Created on 2023-01-05 with reprex v2.0.2

jwokaty commented 1 year ago

Thanks for the explanation regarding length and width. I should have tried using genus.

Regarding antimicrobial resistance, I don't understand why mixed works but not species or genus. For the signatures, I should use species or genus but not mixed.

jwokaty commented 1 year ago

I'm following up on this issue as I am not getting any results for makeSignatures for the following physiologies.

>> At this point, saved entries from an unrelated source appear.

text \<open>x i e is the binary variable of commodity i (robot r_i) on edge e; variables outside
  the index range are normalised to 0.\<close>
definition ilp_feasible ::
  "'v set \<Rightarrow> ('v \<times> 'v) set \<Rightarrow> nat \<Rightarrow> (nat \<Rightarrow> 'v) \<Rightarrow> (nat \<Rightarrow> 'v) \<Rightarrow> nat
     \<Rightarrow> (nat \<Rightarrow> 'v tedge \<Rightarrow> nat) \<Rightarrow> bool" where
  "ilp_feasible V E n xI xG T x \<longleftrightarrow>
     (\<forall>i e. (n \<le> i \<or> e \<notin> tx_edges V E n T) \<longrightarrow> x i e = 0) \<and>
     (\<forall>i<n. \<forall>e\<in>tx_edges V E n T. x i e \<le> 1) \<and>
     (\<forall>e\<in>tx_edges V E n T. (\<Sum>i<n. x i e) \<le> 1) \<and>
     (\<forall>i<n. \<forall>j<n. i \<noteq> j \<longrightarrow> x i (LoopE j) = 0) \<and>
     (\<forall>w. \<forall>i<n.
        (\<Sum>e\<in>{e \<in> tx_edges V E n T. tx_tgt xI e = w}. x i e) =
        (\<Sum>e\<in>{e \<in> tx_edges V E n T. tx_src xG T e = w}. x i e))"

definition ilp_obj :: "nat \<Rightarrow> (nat \<Rightarrow> 'v tedge \<Rightarrow> nat) \<Rightarrow> nat" where
  "ilp_obj n x = (\<Sum>i<n. x i (LoopE i))"

definition ilp_opt ::
  "'v set \<Rightarrow> ('v \<times> 'v) set \<Rightarrow> nat \<Rightarrow> (nat \<Rightarrow> 'v) \<Rightarrow> (nat \<Rightarrow> 'v) \<Rightarrow> nat \<Rightarrow> nat" where
  "ilp_opt V E n xI xG T = Max {ilp_obj n x | x. ilp_feasible V E n xI xG T x}"

definition ilp_optimal ::
  "'v set \<Rightarrow> ('v \<times> 'v) set \<Rightarrow> nat \<Rightarrow> (nat \<Rightarrow> 'v) \<Rightarrow> (nat \<Rightarrow> 'v) \<Rightarrow> nat
     \<Rightarrow> (nat \<Rightarrow> 'v tedge \<Rightarrow> nat) \<Rightarrow> bool" where
  "ilp_optimal V E n xI xG T x \<longleftrightarrow>
     ilp_feasible V E n xI xG T x \<and> ilp_obj n x = ilp_opt V E n xI xG T"
text \<open>Tangent line at a point of C: spanned by the point and the derivative
  of the parametrisation.\<close>
fun tangent_line :: "'a::field option \<Rightarrow> 'a pt set" where
  "tangent_line None = span2 (0,0,0,1) (0,0,1,0)"
| "tangent_line (Some t) = span2 (1, t, t^2, t^3) (0, 1, 2*t, 3*t^2)"

fun osc_coef :: "'a::field option \<Rightarrow> 'a pt" where
  "osc_coef None = (1,0,0,0)"
| "osc_coef (Some t) = (-(t^3), 3*t^2, -(3*t), 1)"

definition plane_of :: "'a::field pt \<Rightarrow> 'a pt set" where
  "plane_of c = {y. (case c of (c0,c1,c2,c3) \<Rightarrow> case y of (y0,y1,y2,y3) \<Rightarrow>
                      c0*y0 + c1*y1 + c2*y2 + c3*y3) = 0}"

definition sigma_form :: "'a::field pt \<Rightarrow> 'a pt \<Rightarrow> 'a" where
  "sigma_form = (\<lambda>(y0,y1,y2,y3) (Y0,Y1,Y2,Y3). - y3*Y0 + 3*y2*Y1 - 3*y1*Y2 + y0*Y3)"

definition polar :: "'a::field pt set \<Rightarrow> 'a pt set" where
  "polar l = {Y. \<forall>y\<in>l. sigma_form y Y = 0}"

text \<open>The action of the element of G induced by [[a,b],[c,d]] on points
  (row vectors y, y \<mapsto> y M, which is the action preserving C).\<close>
definition gact :: "'a::field \<Rightarrow> 'a \<Rightarrow> 'a \<Rightarrow> 'a \<Rightarrow> 'a pt \<Rightarrow> 'a pt" where
  "gact a b c d = (\<lambda>(y0,y1,y2,y3).
     (a^3*y0 + 3*a^2*c*y1 + 3*a*c^2*y2 + c^3*y3,
      a^2*b*y0 + (a^2*d + 2*a*b*c)*y1 + (b*c^2 + 2*a*c*d)*y2 + c^2*d*y3,
      a*b^2*y0 + (b^2*c + 2*a*b*d)*y1 + (a*d^2 + 2*b*c*d)*y2 + c*d^2*y3,
      b^3*y0 + 3*b^2*d*y1 + 3*b*d^2*y2 + d^3*y3))"

definition Gorbit :: "'a::field pt set \<Rightarrow> 'a pt set set" where
  "Gorbit l = {gact a b c d ` l | a b c d. a*d - b*c \<noteq> 0}"

definition L2 :: "'a::field pt set set" where
  "L2 = range tangent_line"

definition L3 :: "'a::field pt set set" where
  "L3 = {l. is_line l \<and> l \<notin> L2 \<and> card {t. cpt t \<in> l} = 1 \<and>
            (\<exists>t. l \<subseteq> plane_of (osc_coef t))}"

definition L6 :: "'a::field pt set set" where
  "L6 = {span2 (cpt s) (cpt t) | s t. s \<noteq> t}"
lemma not_switch_point_if_tta_L_add_le_OE_floor:
  assumes m: "E dvd m"
    and short_lt_long: "tta_S f E \<theta> m < tta_L f E \<theta> m"
    and long_le: "tta_L f E \<theta> m + E \<le> OE_floor Opt E (m + E)"
  shows "\<not> switch_point f E \<theta> (m + E)"
proof -
  obtain j' k' where "tta_S f E \<theta> m = j' * E" "tta_L f E \<theta> m = k' * E"
    using dvd_tta_S[OF m] dvd_tta_L[OF m] by (metis dvdE mult.commute)
  then have j: "tta_S f E \<theta> m + E = Suc j' * E" and k: "tta_L f E \<theta> m + E = Suc k' * E"
    by simp_all
  have "Suc j' < Suc k'" using j k short_lt_long by simp
  moreover have "Suc k' * E \<le> OE_floor Opt E (m + E)" using long_le k by simp
  ultimately have "favg f \<theta> (m + E) (Suc k' * E) < favg f \<theta> (m + E) (Suc j' * E)"
    using m by (intro A1) simp_all
  then have "f (avg \<theta> (m + E) (Suc k' * E)) < f (avg \<theta> (m + E) (Suc j' * E))"
    using E_pos by (simp add: favg_pos)
  then show ?thesis
    using switch_point_next_eval_iff[OF E_pos m, of f \<theta>] unfolding j k by simp
qed

lemma tta_L_hits_OE_between_switch_points:
  assumes sw1: "switch_point f E \<theta> n1"
    and sw2: "switch_point f E \<theta> (n1 + Suc K * E)"
    and no_switch: "\<And>j. n1 < j \<Longrightarrow> j \<le> n1 + K * E \<Longrightarrow> \<not> switch_point f E \<theta> j"
  shows "\<exists>i\<le>K. tta_L f E \<theta> (n1 + i * E) \<in> {OE_ceil Opt E (n1 + i * E), OE_floor Opt E (n1 + i * E)}"
proof (rule ccontr)
  assume "\<not> ?thesis"
  then have avoids: "\<And>i. i \<le> K \<Longrightarrow>
      tta_L f E \<theta> (n1 + i * E) \<notin> {OE_ceil Opt E (n1 + i * E), OE_floor Opt E (n1 + i * E)}"
    by blast
  have n1: "E dvd n1" "E \<le> n1"
    using switch_point_dvd[OF sw1] switch_point_pos[OF sw1] by (auto intro: dvd_imp_le)
  define m where "m = n1 + K * E"
  have m: "E dvd m" "E \<le> m" "n1 + Suc K * E = m + E" using n1 by (simp_all add: m_def)
  have "tta_L f E \<theta> m + E \<le> OE_floor Opt E m"
    unfolding m_def
    by (rule tta_L_add_le_OE_floor[OF n1 tta_L_le_OE_ceil_at_switch_point[OF sw1] no_switch avoids])
  also have "\<dots> \<le> OE_floor Opt E (m + E)"
    by (rule OE_floor_mono[of Opt m "m + E", OF A4[OF m(1,2)]])
  finally have long_le: "tta_L f E \<theta> m + E \<le> OE_floor Opt E (m + E)" .
  have "tta_S f E \<theta> m = K * E" "tta_L f E \<theta> m = tta_L f E \<theta> n1 + K * E"
    using tta_no_switch_shift[OF no_switch] tta_S_switch_point[OF sw1] by (simp_all add: m_def)
  moreover have "0 < tta_L f E \<theta> n1"
    using n1(2) E_pos by (intro tta_L_pos) simp
  ultimately have "tta_S f E \<theta> m < tta_L f E \<theta> m" by simp
  then have "\<not> switch_point f E \<theta> (m + E)"
    using not_switch_point_if_tta_L_add_le_OE_floor[OF m(1) _ long_le] by blast
  then show False using sw2 unfolding m(3) by simp
qed

end

theorem mainTheorem4:
  fixes \<theta> :: "nat \<Rightarrow> real ^ 'd" and f :: "real ^ 'd \<Rightarrow> real"
    and E :: nat and Opt :: "nat \<Rightarrow> nat" and n1 n2 :: nat
  assumes E_pos: "E \<ge> 1"
    and Opt_min: "\<And>t. t \<ge> 1 \<Longrightarrow> Opt t \<in> {1..t} \<and>
                   (\<forall>\<Delta>\<in>{1..t}. f (avg \<theta> t (Opt t)) \<le> f (avg \<theta> t \<Delta>))"
    and A1: "\<And>n j k. E dvd n \<Longrightarrow> n \<ge> E \<Longrightarrow> j < k \<Longrightarrow> k * E \<le> OE_floor Opt E n \<Longrightarrow>
                favg f \<theta> n (k * E) < favg f \<theta> n (j * E)"
    and A2: "\<And>n np. E dvd n \<Longrightarrow> n \<ge> E \<Longrightarrow> OE_ceil Opt E n \<le> np \<Longrightarrow> np \<le> n \<Longrightarrow>
                favg f \<theta> n (OE_ceil Opt E n) \<le> favg f \<theta> n np"
    and A3: "\<And>n. E dvd n \<Longrightarrow> n \<ge> E \<Longrightarrow>
                \<exists>ns. ns > 0 \<and> E dvd ns \<and> int (Opt (n + ns)) - int (Opt n) < int ns"
    and A4: "\<And>n. E dvd n \<Longrightarrow> n \<ge> E \<Longrightarrow> Opt n \<le> Opt (n + E)"
    and sw1: "switch_point f E \<theta> n1"
    and sw2: "switch_point f E \<theta> n2"
    and lt: "n1 < n2"
    and consec: "\<And>m. n1 < m \<Longrightarrow> m < n2 \<Longrightarrow> \<not> switch_point f E \<theta> m"
  shows "\<exists>n. E dvd n \<and> n1 \<le> n \<and> n \<le> n2 - E \<and>
             (tta_L f E \<theta> n = OE_ceil Opt E n \<or> tta_L f E \<theta> n = OE_floor Opt E n)"
proof -
  have Opt_pos: "\<And>t. 1 \<le> t \<Longrightarrow> 0 < Opt t" using Opt_min by fastforce
  interpret tta_assumptions f E \<theta> Opt
    by unfold_locales (use E_pos Opt_pos A1 A2 A4 in auto)
  obtain c where c: "n2 - n1 = c * E"
    using dvd_diff_nat[OF switch_point_dvd[OF sw2] switch_point_dvd[OF sw1]]
    by (metis dvdE mult.commute)
  then obtain K where "c = Suc K" using lt by (cases c) auto
  then have n2: "n2 = n1 + Suc K * E" using c lt by simp
  have "\<exists>i\<le>K. tta_L f E \<theta> (n1 + i * E) \<in> {OE_ceil Opt E (n1 + i * E), OE_floor Opt E (n1 + i * E)}"
  proof (rule tta_L_hits_OE_between_switch_points[OF sw1])
    show "switch_point f E \<theta> (n1 + Suc K * E)" using sw2 n2 by simp
    show "\<not> switch_point f E \<theta> j" if "n1 < j" "j \<le> n1 + K * E" for j
      using that consec n2 E_pos by simp
  qed
  then obtain i where i: "i \<le> K"
    and hit: "tta_L f E \<theta> (n1 + i * E) \<in> {OE_ceil Opt E (n1 + i * E), OE_floor Opt E (n1 + i * E)}"
    by blast
  have "E dvd n1 + i * E" "n1 \<le> n1 + i * E" "n1 + i * E \<le> n2 - E"
    using switch_point_dvd[OF sw1] i n2 by simp_all
  with hit show ?thesis by blast
qed
lemma prod_emeasure_density_le:
  fixes M1 :: "'a measure" and M2 :: "'b measure" and k :: nat
  assumes "sigma_finite_measure M1" and "sigma_finite_measure M2"
    and [measurable]: "f \<in> borel_measurable (M1 \<Otimes>\<^sub>M M2)" "\<And>i. B i \<in> sets (M1 \<Otimes>\<^sub>M M2)"
    and \<sigma>: "\<sigma> permutes {..<k}"
    and le: "\<And>xs ys. (\<Prod>i<k. f (xs i, ys i) * indicator (B i) (xs i, ys i)) \<le> (\<Prod>i<k. a * f (xs i, ys (\<sigma> i)))"
  shows "(\<Prod>i<k. emeasure (density (M1 \<Otimes>\<^sub>M M2) f) (B i)) \<le> (a * (\<integral>\<^sup>+z. f z \<partial>(M1 \<Otimes>\<^sub>M M2))) ^ k"
proof -
  have "(\<Prod>i<k. emeasure (density (M1 \<Otimes>\<^sub>M M2) f) (B i))
      = (\<Prod>i<k. \<integral>\<^sup>+z. f z * indicator (B i) z \<partial>(M1 \<Otimes>\<^sub>M M2))"
    by (simp add: emeasure_density)
  also have "\<dots> = (\<integral>\<^sup>+xs. \<integral>\<^sup>+ys. (\<Prod>i<k. f (xs i, ys (id i)) * indicator (B i) (xs i, ys (id i)))
      \<partial>PiM {..<k} (\<lambda>_. M2) \<partial>PiM {..<k} (\<lambda>_. M1))"
    by (rule nn_integral_PiM_prod_permuted[OF assms(1,2) _ permutes_id, symmetric]) simp
  also have "\<dots> \<le> (\<integral>\<^sup>+xs. \<integral>\<^sup>+ys. (\<Prod>i<k. a * f (xs i, ys (\<sigma> i))) \<partial>PiM {..<k} (\<lambda>_. M2) \<partial>PiM {..<k} (\<lambda>_. M1))"
    using le by (intro nn_integral_mono) simp
  also have "\<dots> = (\<Prod>i<k. \<integral>\<^sup>+z. a * f z \<partial>(M1 \<Otimes>\<^sub>M M2))"
    by (rule nn_integral_PiM_prod_permuted[OF assms(1,2) _ \<sigma>]) simp
  also have "\<dots> = (a * (\<integral>\<^sup>+z. f z \<partial>(M1 \<Otimes>\<^sub>M M2))) ^ k"
    by (simp add: nn_integral_cmult)
  finally show ?thesis .
qed

lemma prod_ennreal_indicator_le:
  fixes k :: nat and f g :: "nat \<Rightarrow> real"
  assumes "\<And>i. i < k \<Longrightarrow> 0 \<le> f i" and "\<And>i. i < k \<Longrightarrow> 0 \<le> g i"
    and "(\<And>i. i < k \<Longrightarrow> x i \<in> B i) \<Longrightarrow> (\<Prod>i<k. f i) \<le> (\<Prod>i<k. g i)"
  shows "(\<Prod>i<k. ennreal (f i) * indicator (B i) (x i)) \<le> (\<Prod>i<k. ennreal (g i))"
proof (cases "\<forall>i<k. x i \<in> B i")
  case True
  then have "(\<Prod>i<k. ennreal (f i) * indicator (B i) (x i)) = (\<Prod>i<k. ennreal (f i))"
    by simp
  also have "\<dots> = ennreal (\<Prod>i<k. f i)"
    using assms(1) by (intro prod_ennreal) simp
  also have "\<dots> \<le> ennreal (\<Prod>i<k. g i)"
    using True assms(3) by (intro ennreal_leI) auto
  also have "\<dots> = (\<Prod>i<k. ennreal (g i))"
    using assms(2) by (intro prod_ennreal[symmetric]) simp
  finally show ?thesis .
next
  case False
  then obtain j where "j < k" "x j \<notin> B j"
    by auto
  then have "(\<Prod>i<k. ennreal (f i) * indicator (B i) (x i)) = 0"
    by (intro prod_zero) (auto intro!: bexI[of _ j])
  then show ?thesis
    by (metis zero_le)
qed

lemma cyc_invariant_densityE:
  assumes "cyc_invariant c \<epsilon> \<mu> \<nu> \<pi>" and "prob_space \<pi>"
  obtains d where "d \<in> borel_measurable (\<mu> \<Otimes>\<^sub>M \<nu>)" and "\<And>z. d z > 0"
    and "\<pi> = density (\<mu> \<Otimes>\<^sub>M \<nu>) (\<lambda>z. ennreal (d z))"
    and "(\<integral>\<^sup>+z. ennreal (d z) \<partial>(\<mu> \<Otimes>\<^sub>M \<nu>)) = 1"
    and "\<And>k xs ys \<sigma>. \<sigma> permutes {..<k} \<Longrightarrow>
           (\<Prod>i<k. d (xs i, ys i)) = exp (- rematch_gain c k xs ys \<sigma> / \<epsilon>) * (\<Prod>i<k. d (xs i, ys (\<sigma> i)))"
proof -
  interpret \<pi>: prob_space \<pi> by fact
  obtain d where d_meas: "d \<in> borel_measurable (\<mu> \<Otimes>\<^sub>M \<nu>)" and d_pos: "\<forall>z. d z > 0"
    and \<pi>_eq: "\<pi> = density (\<mu> \<Otimes>\<^sub>M \<nu>) (\<lambda>z. ennreal (d z))"
    and cyc: "\<forall>(k::nat) (xs :: nat \<Rightarrow> _) (ys :: nat \<Rightarrow> _). k \<ge> 1 \<longrightarrow>
           (\<Prod>i<k. d (xs i, ys i)) =
             exp (- (1 / \<epsilon>) * ((\<Sum>i<k. c (xs i, ys i)) - (\<Sum>i<k. c (xs i, ys (Suc i mod k)))))
             * (\<Prod>i<k. d (xs i, ys (Suc i mod k)))"
    using assms(1) unfolding cyc_invariant_def by blast
  have "(\<integral>\<^sup>+z. ennreal (d z) \<partial>(\<mu> \<Otimes>\<^sub>M \<nu>))
      = (\<integral>\<^sup>+z. ennreal (d z) * indicator (space (\<mu> \<Otimes>\<^sub>M \<nu>)) z \<partial>(\<mu> \<Otimes>\<^sub>M \<nu>))"
    by (intro nn_integral_cong) simp
  also have "\<dots> = 1"
    using \<pi>.emeasure_space_1 d_meas by (simp add: \<pi>_eq emeasure_density)
  finally have mass: "(\<integral>\<^sup>+z. ennreal (d z) \<partial>(\<mu> \<Otimes>\<^sub>M \<nu>)) = 1" .
  show ?thesis
  proof (rule that[OF d_meas _ \<pi>_eq mass])
    show "d z > 0" for z
      using d_pos by blast
  qed (rule cyclic_density_permutes[OF d_pos cyc])
qed
text \<open>Write x for the variable VX and \<pi> for reduction modulo x. In every degree, \<pi> maps
  J onto the corresponding graded piece of ph I_Z, with kernel x (J : x) = x (x,p); likewise
  (x,p) maps onto pS with kernel xR. Rank-nullity degree by degree turns these two exact
  sequences into a closed formula for the Hilbert function of R/J in terms of
  dim S_k = (k+1)(k+2)/2 and the Hilbert function of S/I_Z, which is eventually deg Z; the
  result is d n + 1 - p_a.

  For saturatedness, let x_v^k f \<in> J for every variable v. Reducing modulo x, the form \<pi> f
  becomes divisible by ph, since y^k and z^k have no common factor, and the cofactor lies in
  I_Z because I_Z is saturated. Subtracting a suitable element of J leaves x w with
  y^k w, z^k w \<in> (x,p), and the same coprimality argument gives w \<in> (x,p), hence f \<in> J.\<close>

text \<open>Poly_Mapping provides ring_no_zero_divisors for polynomials whose exponent vectors are
  ordered linearly; any linear order on the variables will do.\<close>

instantiation var :: linorder
begin

fun var_index :: "var \<Rightarrow> nat" where
  "var_index VX = 0" | "var_index VY = 1" | "var_index VZ = 2" | "var_index VT = 3"

definition less_eq_var :: "var \<Rightarrow> var \<Rightarrow> bool" where
  "less_eq_var a b \<longleftrightarrow> var_index a \<le> var_index b"

definition less_var :: "var \<Rightarrow> var \<Rightarrow> bool" where
  "less_var a b \<longleftrightarrow> var_index a < var_index b"

instance
proof
  have inj: "var_index a = var_index b \<Longrightarrow> a = b" for a b by (cases a; cases b; simp)
  fix x y z :: var
  show "(x < y) = (x \<le> y \<and> \<not> y \<le> x)" by (auto simp: less_eq_var_def less_var_def)
  show "x \<le> x" by (simp add: less_eq_var_def)
  show "x \<le> y \<Longrightarrow> y \<le> z \<Longrightarrow> x \<le> z" by (simp add: less_eq_var_def)
  show "x \<le> y \<Longrightarrow> y \<le> x \<Longrightarrow> x = y" using inj by (simp add: less_eq_var_def)
  show "x \<le> y \<or> y \<le> x" by (auto simp add: less_eq_var_def)
qed

end

lemma UNIV_var: "(UNIV :: var set) = {VX, VY, VZ, VT}"
  using var.exhaust by auto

animal pathogen antimicrobial resistance antimicrobial sensistivity biofilm COGEM extreme environments optimal ph coding genes disease association isolation site plant pathogencity

I haven't checked them all but I know for example that animal pathogen should have results for NCBI_ID/Taxon_name + species, but I get no results:

ps <- bugphyzz::physiologies()
getSignatures(ps$animal pathogen`, 'NCBI_ID', 'genus') 
NULL Warning message: No signatures for animal pathogen (logical). Returning NULL.

In the examples above, mixed levels were used; however, for the .gmt files we produce files that are genus only or species only.

sdgamboa commented 1 year ago

I don't think we'll be using this workflow anymore. Now it's importBugphyzz --> getBugphyzzSigunatures. Thresholds and propagation will be handled now in the bugphyzzExports repo.